Normally, the Railway track is the low, slow type which gets lower and slower as the match progresses but on Day One, the MP leggie Golwalkar got a bowl only after tea.
The Railways are in the Plate division, an astonishing slide for the Ranji winners of the year before. The team has an enormous pool of talent available to them, with 50 Railways players representing various Ranji teams. But they act as a generous sprinkler which distributes talent — this means that Jacob Martin and SS Paul can play for their home states of Baroda and Bengal while Yere Goud can captain Karnataka.
The other Ranji match was at the DDCA which — despite the expensive upgrade and ambitious plans — remains a half-finished construction site, and it appears that the concrete monster will take a lot of time, and much more will, before it is completed.
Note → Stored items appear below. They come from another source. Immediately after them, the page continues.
lemma least_elements_rank_order:
  "least_elements (rank_order A f) = {a \<in> A. \<forall>b \<in> A. f a \<le> f b}"
  by (auto simp: least_elements_def Field_rank_order) (auto simp: rank_order_def)

lemma act_rel_rank_order:
  assumes "bij \<phi>"
  shows "act_rel \<phi> (rank_order A f) = rank_order (\<phi> ` A) (f \<circ> inv \<phi>)"
proof -
  have "\<phi> ` A = {a. inv \<phi> a \<in> A}"
    using bij_image_Collect_eq[OF assms, of "\<lambda>x. x \<in> A"] by simp
  then show ?thesis by (auto simp: act_rel_def rank_order_def)
qed

lemma Field_act_rel:
  assumes "bij \<phi>"
  shows "Field (act_rel \<phi> R) = \<phi> ` Field R"
proof -
  have "\<phi> ` Field R = {a. inv \<phi> a \<in> Field R}"
    using bij_image_Collect_eq[OF assms, of "\<lambda>x. x \<in> Field R"] by simp
  also have "\<dots> = Field (act_rel \<phi> R)"
    using assms by (auto simp: act_rel_def Field_def) (metis bij_inv_eq_iff)+
  finally show ?thesis by simp
qed

lemma least_elements_act_rel:
  assumes "bij \<phi>"
  shows "least_elements (act_rel \<phi> R) = \<phi> ` least_elements R"
  using assms unfolding least_elements_def Field_act_rel[OF assms]
  by (auto simp: act_rel_def bij_is_inj)

section \<open>Orbits and cycles\<close>

lemma funpow_dist_apply:
  assumes "inj f"
  shows "funpow_dist f (f x) (f y) = funpow_dist f x y"
proof -
  have "(f ^^ k) (f x) = f y \<longleftrightarrow> (f ^^ k) x = y" for k
    using assms by (simp add: inj_eq flip: funpow_swap1)
  then show ?thesis by (simp add: funpow_dist_def)
qed

lemma inj_on_funpow_dist: "inj_on (funpow_dist f x) (orbit f x)"
  by (metis funpow_dist_prop inj_onI)

lemma funpow_cycle_of_list_nth:
  assumes "distinct cs" "j < length cs"
  shows "(cycle_of_list cs ^^ k) (cs ! j) = cs ! ((k + j) mod length cs)"
proof -
  have "(cycle_of_list cs ^^ k) (cs ! j) = rotate k cs ! j"
    using cyclic_rotation[OF assms(1), of k] assms(2) by (metis nth_map)
  then show ?thesis
    using assms(2) by (simp add: nth_rotate)
qed

lemma cyclic_on_cycle_of_list:
  assumes "distinct cs" "cs \<noteq> []"
  shows "cyclic_on (cycle_of_list cs) (set cs)"
proof (rule cyclic_on_singleI)
  show first: "cs ! 0 \<in> set cs"
    using assms(2) by simp
  show "set cs = orbit (cycle_of_list cs) (cs ! 0)"
  proof
    show "orbit (cycle_of_list cs) (cs ! 0) \<subseteq> set cs"
      using permutes_orbit_subset[OF cycle_permutes first] .
    show "set cs \<subseteq> orbit (cycle_of_list cs) (cs ! 0)"
    proof
      fix y assume "y \<in> set cs"
      then obtain j where j: "j < length cs" "y = cs ! j"
        by (auto simp: in_set_conv_nth)
      then have "(cycle_of_list cs ^^ (length cs + j)) (cs ! 0) = y"
        using assms by (simp add: funpow_cycle_of_list_nth)
      then show "y \<in> orbit (cycle_of_list cs) (cs ! 0)"
        using assms(2) by (auto simp: orbit_altdef)
    qed
  qed
qed

lemma commute_cyclic_on_imp_funpow:
  assumes "cyclic_on f S" "f permutes S" "c permutes S" "c \<circ> f = f \<circ> c"
  shows "\<exists>k. c = f ^^ k"
proof -
  obtain s where s: "s \<in> S" "S = orbit f s"
    using assms(1) by (auto simp: cyclic_on_def)
  have commute: "c ((f ^^ m) x) = (f ^^ m) (c x)" for m x
    using assms(4) by (induction m) (simp_all add: fun_eq_iff)
  obtain k where k: "c s = (f ^^ k) s"
    using s permutes_in_image[OF assms(3)] by (fastforce simp: orbit_altdef)
  have "c x = (f ^^ k) x" for x
  proof (cases "x \<in> S")
    case True
    then obtain m where "x = (f ^^ m) s"
      using s by (auto simp: orbit_altdef)
    then show ?thesis
      using commute k by (metis add.commute comp_apply funpow_add)
  next
    case False
    then show ?thesis
      using permutes_not_in[OF assms(3)] permutes_not_in[OF permutes_funpow[OF assms(2)]] by simp
  qed
  then show ?thesis by blast
qed

lemma permutes_image_eqI:
  assumes "\<phi> permutes S" "A \<subseteq> S" "B \<subseteq> S" "\<And>x. x \<in> S \<Longrightarrow> \<phi> x \<in> B \<longleftrightarrow> x \<in> A"
  shows "\<phi> ` A = B"
proof
  show "\<phi> ` A \<subseteq> B"
    using assms(2,4) by auto
  show "B \<subseteq> \<phi> ` A"
  proof
    fix b assume b: "b \<in> B"
    then obtain x where "x \<in> S" "b = \<phi> x"
      using assms(3) permutes_image[OF assms(1)] by blast
    then show "b \<in> \<phi> ` A"
      using b assms(4) by blast
  qed
qed

section \<open>The stabiliser is a group\<close>

lemma act_rel_comp: "bij f \<Longrightarrow> bij g \<Longrightarrow> act_rel (f \<circ> g) R = act_rel f (act_rel g R)"
  unfolding act_rel_def by (simp add: o_inv_distrib)

lemma act_profile_comp:
  "bij f \<Longrightarrow> bij g \<Longrightarrow> act_profile (f \<circ> g) p = act_profile f (act_profile g p)"
  unfolding act_profile_def by (simp add: act_rel_comp o_inv_distrib)

lemma act_profile_eq_iff:
  assumes "bij \<phi>"
  shows "act_profile \<phi> p = p \<longleftrightarrow> (\<forall>z. p (\<phi> z) = act_rel \<phi> (p z))"
  using assms unfolding act_profile_def fun_eq_iff by (metis bij_inv_eq_iff)

lemma Gstar_comp:
  assumes "f \<in> Gstar n" "g \<in> Gstar n"
  shows "f \<circ> g \<in> Gstar n"
proof -
  have "{(f \<circ> g) ` Wset n, (f \<circ> g) ` Mset n} = image f ` {g ` Wset n, g ` Mset n}"
    by (simp add: image_comp)
  also have "\<dots> = {Wset n, Mset n}"
    using assms by (simp add: Gstar_def)
  finally show ?thesis
    using assms by (simp add: Gstar_def permutes_compose)
qed

lemma Stab_comp:
  assumes "f \<in> Stab n p" "g \<in> Stab n p"
  shows "f \<circ> g \<in> Stab n p"
proof -
  have "bij f" "bij g"
    using assms by (auto simp: Stab_def Gstar_def permutes_bij)
  then show ?thesis
    using assms by (simp add: Stab_def Gstar_comp act_profile_comp)
qed

lemma id_in_Stab: "id \<in> Stab n p"
  by (auto simp: Stab_def Gstar_def act_profile_def act_rel_def permutes_id)

lemma funpow_in_Stab: "\<phi> \<in> Stab n p \<Longrightarrow> \<phi> ^^ k \<in> Stab n p"
  by (induction k) (simp_all add: id_in_Stab Stab_comp)

section \<open>The alternating cycle and its profile\<close>

text \<open>The list \<open>[1, n+1, 2, n+2, \<dots>, n, 2n]\<close>.\<close>
definition alternating_list :: "nat \<Rightarrow> nat list" where
  "alternating_list n = map (\<lambda>j. if even j then j div 2 + 1 else n + j div 2 + 1) [0..<2 * n]"

definition alternating_cycle :: "nat \<Rightarrow> nat \<Rightarrow> nat" where
  "alternating_cycle n = cycle_of_list (alternating_list n)"
text \<open>Sequences are functions nat => real indexed from 1 (the value at 0 is ignored).\<close>

definition T_inf :: "real \<Rightarrow> real \<Rightarrow> real \<Rightarrow> nat \<Rightarrow> (nat \<Rightarrow> real) \<Rightarrow> real" where
  "T_inf p \<gamma> B w x =
     (\<Sum>k=1..w. p^2 * (1-p)^(k-1) * (real k / 2) * log 2 (1 + \<gamma> * B / real k))
   + (\<Sum>i. p * (1-p)^(Suc i + w - 1) * (1/2) * log 2 (1 + \<gamma> * x (Suc i)))
   + (\<Sum>i. p^2 * (1-p)^(Suc i + w - 1) * (real w / 2)
            * log 2 (1 + \<gamma> * (B - (\<Sum>j=1..Suc i. x j)) / real w))"

definition T_N :: "real \<Rightarrow> real \<Rightarrow> real \<Rightarrow> nat \<Rightarrow> nat \<Rightarrow> (nat \<Rightarrow> real) \<Rightarrow> real" where
  "T_N p \<gamma> B w N \<xi> = T_inf p \<gamma> B w (\<lambda>j. if j \<le> N then \<xi> j else 0)"

definition feasible_N :: "real \<Rightarrow> nat \<Rightarrow> (nat \<Rightarrow> real) \<Rightarrow> bool" where
  "feasible_N B N \<xi> \<longleftrightarrow> (\<forall>j\<in>{1..N}. \<xi> j \<ge> 0) \<and> (\<Sum>j=1..N. \<xi> j) \<le> B"

end

theory Submission
  imports Defs
begin

text \<open>
  Beyond index N the remaining budget is frozen, so the budget series of T_N has a geometric
  tail and T_N is a finite sum of concave logarithms in the entries of the sequence. Suppose a
  maximizer had last entry 0. If some budget is left over, putting a little mass on the last
  entry gains weight N at unit marginal rate and loses only weight N / (1 + \<gamma> R / w) in the
  final budget term. If the budget is exhausted, move a little mass from the last positive
  entry m to N: the budget terms between m and N sit at zero remaining budget and their
  weights telescope, so the net one-sided derivative is proportional to
  weight m - weight m / (1 + \<gamma> \<xi>_m) > 0. Either way a feasible direction of ascent
  contradicts maximality.
\<close>

lemma sums_eventually_geometric:
  fixes f :: "nat \<Rightarrow> real"
  assumes "\<And>i. f (i + n) = c * q ^ i" "\<bar>q\<bar> < 1"
  shows "f sums ((\<Sum>i<n. f i) + c / (1 - q))"
proof -
  have "(\<lambda>i. f (i + n)) sums (c * (1 / (1 - q)))"
    unfolding assms(1) using assms(2) by (intro sums_mult geometric_sums) simp
  then show ?thesis by (simp add: sums_iff_shift add.commute)
qed

definition weight :: "real \<Rightarrow> nat \<Rightarrow> nat \<Rightarrow> real" where
  "weight p w j = p * (1 - p) ^ (j + w - 1) / 2"

lemma weight_pos: "0 < p \<Longrightarrow> p < 1 \<Longrightarrow> weight p w j > 0"
  unfolding weight_def by simp

lemma weight_telescope:
  assumes "w \<ge> 1"
  shows "weight p w k - weight p w (Suc k) = p * weight p w k"
proof -
  obtain v where "w = Suc v" using assms by (cases w) auto
  then show ?thesis unfolding weight_def by (simp add: field_simps)
qed

lemma sum_weight_telescope:
  assumes "w \<ge> 1" "m \<le> n"
  shows "(\<Sum>k=m..<n. p * weight p w k) = weight p w m - weight p w n"
proof -
  have "(\<Sum>k=m..<n. p * weight p w k) = - (\<Sum>k=m..<n. weight p w (Suc k) - weight p w k)"
    by (simp add: weight_telescope[OF assms(1), symmetric] sum_negf[symmetric])
  then show ?thesis
    using sum_Suc_diff'[OF assms(2), of "weight p w"] by simp
qed

definition T_N_var :: "real \<Rightarrow> real \<Rightarrow> real \<Rightarrow> nat \<Rightarrow> nat \<Rightarrow> (nat \<Rightarrow> real) \<Rightarrow> real" where
  "T_N_var p \<gamma> B w N \<xi> =
     (\<Sum>j=1..N. weight p w j * log 2 (1 + \<gamma> * \<xi> j))
   + (\<Sum>k=1..<N. p * w * weight p w k * log 2 (1 + \<gamma> * (B - (\<Sum>j=1..k. \<xi> j)) / w))
   + w * weight p w N * log 2 (1 + \<gamma> * (B - (\<Sum>j=1..N. \<xi> j)) / w)"

lemma sum_truncated:
  fixes n N :: nat
  shows "(\<Sum>j=1..n. if j \<le> N then \<xi> j else 0) = (\<Sum>j=1..min n N. \<xi> j :: real)"
proof -
  have "(\<Sum>j=1..n. if j \<le> N then \<xi> j else 0) = (\<Sum>j\<in>{j\<in>{1..n}. j \<le> N}. \<xi> j)"
    by (subst sum.inter_filter) auto
  also have "{j\<in>{1..n}. j \<le> N} = {1..min n N}" by auto
  finally show ?thesis .
qed

lemma suminf_rate_terms:
  "(\<Sum>i. p * (1-p)^(Suc i + w - 1) * (1/2) * log 2 (1 + \<gamma> * (if Suc i \<le> N then \<xi> (Suc i) else 0)))
     = (\<Sum>j=1..N. weight p w j * log 2 (1 + \<gamma> * \<xi> j))"
  (is "(\<Sum>i. ?F i) = _")
proof -
  have "(\<Sum>i. ?F i) = (\<Sum>i<N. ?F i)"
    by (rule suminf_finite) auto
  also have "\<dots> = (\<Sum>i<N. weight p w (Suc i) * log 2 (1 + \<gamma> * \<xi> (Suc i)))"
    by (intro sum.cong) (auto simp: weight_def)
  also have "\<dots> = (\<Sum>j=1..N. weight p w j * log 2 (1 + \<gamma> * \<xi> j))"
    by (rule sum_bounds_lt_plus1)
  finally show ?thesis .
qed

lemma suminf_budget_terms:
  assumes "0 < p" "p < 1" "N \<ge> 1"
  shows "(\<Sum>i. p^2 * (1-p)^(Suc i + w - 1) * (real w / 2)
            * log 2 (1 + \<gamma> * (B - (\<Sum>j=1..Suc i. if j \<le> N then \<xi> j else 0)) / real w))
   = (\<Sum>k=1..<N. p * w * weight p w k * log 2 (1 + \<gamma> * (B - (\<Sum>j=1..k. \<xi> j)) / w))
     + w * weight p w N * log 2 (1 + \<gamma> * (B - (\<Sum>j=1..N. \<xi> j)) / w)"
  (is "(\<Sum>i. ?H i) = (\<Sum>k=1..<N. ?b k) + ?c")
proof -
  have "?H (i + (N - 1)) = (p * ?c) * (1 - p) ^ i" for i
  proof -
    have "Suc (i + (N - 1)) + w - 1 = (N + w - 1) + i" using assms by simp
    then have "(1 - p) ^ (Suc (i + (N - 1)) + w - 1) = (1 - p) ^ (N + w - 1) * (1 - p) ^ i"
      by (simp only: power_add)
    moreover have "min (Suc (i + (N - 1))) N = N" using assms by simp
    ultimately show ?thesis
      unfolding weight_def sum_truncated by (simp add: power2_eq_square)
  qed
  then have "?H sums ((\<Sum>i<N - 1. ?H i) + p * ?c / (1 - (1 - p)))"
    using assms by (intro sums_eventually_geometric) auto
  moreover have "(\<Sum>i<N - 1. ?H i) = (\<Sum>k=1..<N. ?b k)"
  proof -
    have "(\<Sum>i<N - 1. ?H i) = (\<Sum>i<N - 1. ?b (Suc i))"
      by (intro sum.cong) (auto simp: sum_truncated weight_def power2_eq_square)
    also have "\<dots> = (\<Sum>k=1..N - 1. ?b k)"
      by (rule sum_bounds_lt_plus1)
    also have "{1..N - 1} = {1..<N}"
      using assms by auto
    finally show ?thesis .
  qed
  ultimately show ?thesis
    using assms by (simp add: sums_iff)
qed

lemma T_N_eq_T_N_var:
  assumes "0 < p" "p < 1" "N \<ge> 1"
  shows "T_N p \<gamma> B w N \<xi> =
           (\<Sum>k=1..w. p^2 * (1-p)^(k-1) * (real k / 2) * log 2 (1 + \<gamma> * B / real k))
         + T_N_var p \<gamma> B w N \<xi>"
  unfolding T_N_def T_inf_def T_N_var_def suminf_rate_terms suminf_budget_terms[OF assms] by simp

lemma DERIV_log_affine:
  fixes \<alpha> \<beta> :: real
  assumes "\<alpha> > 0"
  shows "((\<lambda>e. log 2 (\<alpha> + \<beta> * e)) has_real_derivative \<beta> / (\<alpha> * ln 2)) (at 0)"
proof -
  have "((\<lambda>e. \<alpha> + \<beta> * e) has_real_derivative \<beta>) (at 0)"
    by (auto intro!: derivative_eq_intros)
  moreover have "DERIV (log 2) (\<alpha> + \<beta> * 0) :> 1 / (ln 2 * (\<alpha> + \<beta> * 0))"
    using assms by (intro DERIV_log) simp
  ultimately show ?thesis
    using DERIV_chain' by (fastforce simp: mult.commute)
qed

lemma feasible_N_partial_sum_le:
  assumes "feasible_N B N \<xi>" "k \<le> N"
  shows "(\<Sum>j=1..k. \<xi> j) \<le> B"
proof -
  have "(\<Sum>j=1..k. \<xi> j) \<le> (\<Sum>j=1..N. \<xi> j)"
    using assms unfolding feasible_N_def by (intro sum_mono2) auto
  then show ?thesis
    using assms unfolding feasible_N_def by simp
qed

definition T_N_slope :: "real \<Rightarrow> real \<Rightarrow> real \<Rightarrow> nat \<Rightarrow> nat \<Rightarrow> (nat \<Rightarrow> real) \<Rightarrow> (nat \<Rightarrow> real) \<Rightarrow> real" where
  "T_N_slope p \<gamma> B w N \<xi> d =
     (\<Sum>j=1..N. weight p w j * d j / (1 + \<gamma> * \<xi> j))
   - (\<Sum>k=1..<N. p * weight p w k * (\<Sum>j=1..k. d j) / (1 + \<gamma> * (B - (\<Sum>j=1..k. \<xi> j)) / w))
   - weight p w N * (\<Sum>j=1..N. d j) / (1 + \<gamma> * (B - (\<Sum>j=1..N. \<xi> j)) / w)"

lemma T_N_var_has_directional_derivative:
  fixes \<xi> d :: "nat \<Rightarrow> real"
  assumes "\<gamma> > 0" "w \<ge> 1" "feasible_N B N \<xi>"
  shows "((\<lambda>e. T_N_var p \<gamma> B w N (\<lambda>j. \<xi> j + e * d j)) has_real_derivative
           \<gamma> / ln 2 * T_N_slope p \<gamma> B w N \<xi> d) (at 0)"
proof -
  define u where "u k = 1 + \<gamma> * (B - (\<Sum>j=1..k. \<xi> j)) / w" for k
  define v where "v k = - \<gamma> / w * (\<Sum>j=1..k. d j)" for k
  have w_pos: "real w > 0" using assms(2) by simp
  have u_pos: "u k > 0" if "k \<le> N" for k
    using feasible_N_partial_sum_le[OF assms(3) that] assms(1) w_pos unfolding u_def
    by (simp add: add_pos_nonneg)
  have \<xi>_pos: "1 + \<gamma> * \<xi> j > 0" if "j \<in> {1..N}" for j
    using assms(1,3) that unfolding feasible_N_def by (simp add: add_pos_nonneg)
  have budget: "1 + \<gamma> * (B - (\<Sum>j=1..k. \<xi> j + e * d j)) / w = u k + v k * e" for k e
    unfolding u_def v_def using w_pos
    by (simp add: sum.distrib sum_distrib_left[symmetric] field_simps)
  have rate: "1 + \<gamma> * (\<xi> j + e * d j) = (1 + \<gamma> * \<xi> j) + (\<gamma> * d j) * e" for j e
    by (simp add: algebra_simps)
  have "((\<lambda>e. T_N_var p \<gamma> B w N (\<lambda>j. \<xi> j + e * d j)) has_real_derivative
      (\<Sum>j=1..N. weight p w j * (\<gamma> * d j / ((1 + \<gamma> * \<xi> j) * ln 2)))
    + (\<Sum>k=1..<N. p * w * weight p w k * (v k / (u k * ln 2)))
    + w * weight p w N * (v N / (u N * ln 2))) (at 0)"
    unfolding T_N_var_def budget rate using u_pos \<xi>_pos
    by (intro DERIV_add DERIV_sum DERIV_cmult DERIV_log_affine) auto
  moreover have "(\<Sum>j=1..N. weight p w j * (\<gamma> * d j / ((1 + \<gamma> * \<xi> j) * ln 2)))
      = \<gamma> / ln 2 * (\<Sum>j=1..N. weight p w j * d j / (1 + \<gamma> * \<xi> j))"
    by (simp add: sum_distrib_left mult_ac)
  moreover have "(\<Sum>k=1..<N. p * w * weight p w k * (v k / (u k * ln 2)))
      = - (\<gamma> / ln 2 * (\<Sum>k=1..<N. p * weight p w k * (\<Sum>j=1..k. d j) / u k))"
    unfolding sum_distrib_left[of "\<gamma> / ln 2" "\<lambda>k. p * weight p w k * (\<Sum>j=1..k. d j) / u k"]
      sum_negf[symmetric]
    using w_pos by (intro sum.cong) (auto simp: v_def mult_ac)
  moreover have "w * weight p w N * (v N / (u N * ln 2))
      = - (\<gamma> / ln 2 * (weight p w N * (\<Sum>j=1..N. d j) / u N))"
    unfolding v_def using w_pos by (simp add: mult_ac)
  ultimately show ?thesis
    unfolding T_N_slope_def u_def[symmetric] by (simp add: algebra_simps)
qed

lemma DERIV_nonpos_at_right_max:
  fixes \<phi> :: "real \<Rightarrow> real"
  assumes "(\<phi> has_real_derivative D) (at 0)" "r > 0" "\<And>e. 0 < e \<Longrightarrow> e \<le> r \<Longrightarrow> \<phi> e \<le> \<phi> 0"
  shows "D \<le> 0"
proof (rule ccontr)
  assume "\<not> D \<le> 0"
  then obtain \<delta> where "\<delta> > 0" "\<And>h. 0 < h \<Longrightarrow> h < \<delta> \<Longrightarrow> \<phi> 0 < \<phi> (0 + h)"
    using DERIV_pos_inc_right[OF assms(1)] by force
  then have "\<phi> 0 < \<phi> (min (\<delta> / 2) r)"
    using assms(2) by simp
  then show False
    using assms(2) assms(3)[of "min (\<delta> / 2) r"] \<open>\<delta> > 0\<close> by simp
qed

definition T_N_maximizer :: "real \<Rightarrow> real \<Rightarrow> real \<Rightarrow> nat \<Rightarrow> nat \<Rightarrow> (nat \<Rightarrow> real) \<Rightarrow> bool" where
  "T_N_maximizer p \<gamma> B w N \<xi> \<longleftrightarrow>
     feasible_N B N \<xi> \<and> (\<forall>\<eta>. feasible_N B N \<eta> \<longrightarrow> T_N p \<gamma> B w N \<eta> \<le> T_N p \<gamma> B w N \<xi>)"

lemma T_N_slope_nonpos_at_maximizer:
  assumes "0 < p" "p < 1" "\<gamma> > 0" "w \<ge> 1" "N \<ge> 1" "T_N_maximizer p \<gamma> B w N \<xi>"
    and "r > 0" "\<And>e. 0 < e \<Longrightarrow> e \<le> r \<Longrightarrow> feasible_N B N (\<lambda>j. \<xi> j + e * d j)"
  shows "T_N_slope p \<gamma> B w N \<xi> d \<le> 0"
proof -
  have "\<gamma> / ln 2 * T_N_slope p \<gamma> B w N \<xi> d \<le> 0"
  proof (rule DERIV_nonpos_at_right_max[OF T_N_var_has_directional_derivative \<open>r > 0\<close>])
    fix e :: real
    assume "0 < e" "e \<le> r"
    then have "T_N p \<gamma> B w N (\<lambda>j. \<xi> j + e * d j) \<le> T_N p \<gamma> B w N \<xi>"
      using assms(6,8) unfolding T_N_maximizer_def by blast
    then show "T_N_var p \<gamma> B w N (\<lambda>j. \<xi> j + e * d j) \<le> T_N_var p \<gamma> B w N (\<lambda>j. \<xi> j + 0 * d j)"
      using assms(1,2,5) by (simp add: T_N_eq_T_N_var)
  qed (use assms in \<open>auto simp: T_N_maximizer_def\<close>)
  then show ?thesis
    using assms(3) by (auto simp: divide_le_0_iff mult_le_0_iff)
qed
The DDCA ground symbolises much that is wrong with our cricket: Fabulous wealth contrasts with abject poverty, crazy crowd support and hysteria stands next to neglect and extreme disinterest.
The Delhi team is living with its usual chaos. Captain Mithun Manhas, impressively bright and articulate, is looking to raise his team’s performances and the side has a new coach (Chetan Chauhan has replaced Madan Lal and Sarfraz Nawaz was brought in for unclear reasons) and new selectors.
There is fresh thought as well, as reflected in two of the selectors, Atul Wassan and Nikhil Chopra, commentating for TV when the team was playing Tamil Nadu!
Ranji has failed to catch the frenzied attention of fans but ultimately, the strength of Indian cricket lies here, not in the financial muscle of the BCCI. What counts is the nasha of talented youngsters to chase their dreams through this championship, no matter if not many are listening or watching.